Required action - Word for word, restate the lines from the start of the data down to the line with "(simp add: card_gt_0_iff)", both included.

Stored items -
++++

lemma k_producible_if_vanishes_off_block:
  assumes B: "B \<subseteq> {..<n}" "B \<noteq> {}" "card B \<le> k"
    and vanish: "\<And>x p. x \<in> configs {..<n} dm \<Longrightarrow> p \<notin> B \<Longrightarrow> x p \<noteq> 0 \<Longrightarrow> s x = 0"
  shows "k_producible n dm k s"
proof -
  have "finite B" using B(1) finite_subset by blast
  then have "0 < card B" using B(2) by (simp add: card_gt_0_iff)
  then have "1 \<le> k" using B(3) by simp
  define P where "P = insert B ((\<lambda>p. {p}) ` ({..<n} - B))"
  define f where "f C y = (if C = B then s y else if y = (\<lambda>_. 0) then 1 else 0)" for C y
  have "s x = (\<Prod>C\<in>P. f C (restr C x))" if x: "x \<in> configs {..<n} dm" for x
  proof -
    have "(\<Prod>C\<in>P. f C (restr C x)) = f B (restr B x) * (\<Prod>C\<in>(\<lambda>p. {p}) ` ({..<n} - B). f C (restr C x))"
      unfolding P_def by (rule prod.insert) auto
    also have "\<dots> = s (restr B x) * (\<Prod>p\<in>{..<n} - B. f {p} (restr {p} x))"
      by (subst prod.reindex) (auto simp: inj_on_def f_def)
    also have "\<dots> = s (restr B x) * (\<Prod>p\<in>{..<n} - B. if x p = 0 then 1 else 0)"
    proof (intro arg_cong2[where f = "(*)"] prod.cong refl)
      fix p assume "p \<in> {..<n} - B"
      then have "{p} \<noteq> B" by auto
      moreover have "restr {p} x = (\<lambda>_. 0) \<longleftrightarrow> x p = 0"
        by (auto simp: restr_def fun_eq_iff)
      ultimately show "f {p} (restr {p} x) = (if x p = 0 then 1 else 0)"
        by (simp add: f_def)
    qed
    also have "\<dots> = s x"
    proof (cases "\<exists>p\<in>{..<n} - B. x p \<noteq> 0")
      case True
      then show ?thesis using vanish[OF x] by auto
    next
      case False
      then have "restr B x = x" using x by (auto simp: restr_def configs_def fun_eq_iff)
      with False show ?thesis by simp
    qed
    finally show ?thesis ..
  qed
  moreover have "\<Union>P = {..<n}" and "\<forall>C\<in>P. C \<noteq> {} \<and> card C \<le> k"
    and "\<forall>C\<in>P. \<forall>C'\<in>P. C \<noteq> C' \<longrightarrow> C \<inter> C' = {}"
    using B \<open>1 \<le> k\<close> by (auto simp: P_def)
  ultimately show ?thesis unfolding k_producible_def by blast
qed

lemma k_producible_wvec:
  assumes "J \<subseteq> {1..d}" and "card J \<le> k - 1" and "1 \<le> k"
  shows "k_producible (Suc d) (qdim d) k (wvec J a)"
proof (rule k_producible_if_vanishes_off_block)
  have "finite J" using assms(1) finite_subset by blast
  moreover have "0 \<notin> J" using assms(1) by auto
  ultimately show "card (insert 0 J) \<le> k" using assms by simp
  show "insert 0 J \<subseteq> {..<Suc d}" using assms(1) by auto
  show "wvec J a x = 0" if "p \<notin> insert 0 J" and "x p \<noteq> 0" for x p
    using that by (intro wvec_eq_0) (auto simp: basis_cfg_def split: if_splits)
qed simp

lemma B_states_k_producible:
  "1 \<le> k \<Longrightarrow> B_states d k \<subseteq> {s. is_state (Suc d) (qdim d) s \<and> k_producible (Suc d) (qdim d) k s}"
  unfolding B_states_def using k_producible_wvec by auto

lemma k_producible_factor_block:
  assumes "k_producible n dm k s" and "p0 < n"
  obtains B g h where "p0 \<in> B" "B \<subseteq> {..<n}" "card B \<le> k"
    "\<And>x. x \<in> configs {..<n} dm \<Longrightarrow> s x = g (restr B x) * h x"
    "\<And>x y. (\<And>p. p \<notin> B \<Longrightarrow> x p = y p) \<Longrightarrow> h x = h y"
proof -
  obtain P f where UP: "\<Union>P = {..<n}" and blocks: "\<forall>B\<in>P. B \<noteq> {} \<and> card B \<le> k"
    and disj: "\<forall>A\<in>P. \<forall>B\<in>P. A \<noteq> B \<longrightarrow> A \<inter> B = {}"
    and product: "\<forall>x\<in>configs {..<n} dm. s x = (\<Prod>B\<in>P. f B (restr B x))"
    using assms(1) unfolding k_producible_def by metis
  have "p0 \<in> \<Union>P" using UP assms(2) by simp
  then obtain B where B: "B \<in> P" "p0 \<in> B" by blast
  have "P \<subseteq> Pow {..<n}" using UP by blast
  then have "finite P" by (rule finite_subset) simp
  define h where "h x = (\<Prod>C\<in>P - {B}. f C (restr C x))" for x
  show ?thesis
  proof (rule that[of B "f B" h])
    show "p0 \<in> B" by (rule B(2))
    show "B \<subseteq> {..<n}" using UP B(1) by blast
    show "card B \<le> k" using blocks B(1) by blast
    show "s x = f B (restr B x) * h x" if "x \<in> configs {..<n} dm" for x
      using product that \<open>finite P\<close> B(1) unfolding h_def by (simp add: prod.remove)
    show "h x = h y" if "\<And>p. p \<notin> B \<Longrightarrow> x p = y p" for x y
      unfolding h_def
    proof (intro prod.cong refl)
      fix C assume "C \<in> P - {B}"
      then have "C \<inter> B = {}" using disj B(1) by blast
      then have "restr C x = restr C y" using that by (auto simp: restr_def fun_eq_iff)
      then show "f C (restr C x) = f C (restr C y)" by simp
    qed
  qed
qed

++++

Result for this exercise -
lemma k_producible_if_vanishes_off_block:
  assumes B: "B \<subseteq> {..<n}" "B \<noteq> {}" "card B \<le> k"
    and vanish: "\<And>x p. x \<in> configs {..<n} dm \<Longrightarrow> p \<notin> B \<Longrightarrow> x p \<noteq> 0 \<Longrightarrow> s x = 0"
  shows "k_producible n dm k s"
proof -
  have "finite B" using B(1) finite_subset by blast
  then have "0 < card B" using B(2) by (simp add: card_gt_0_iff)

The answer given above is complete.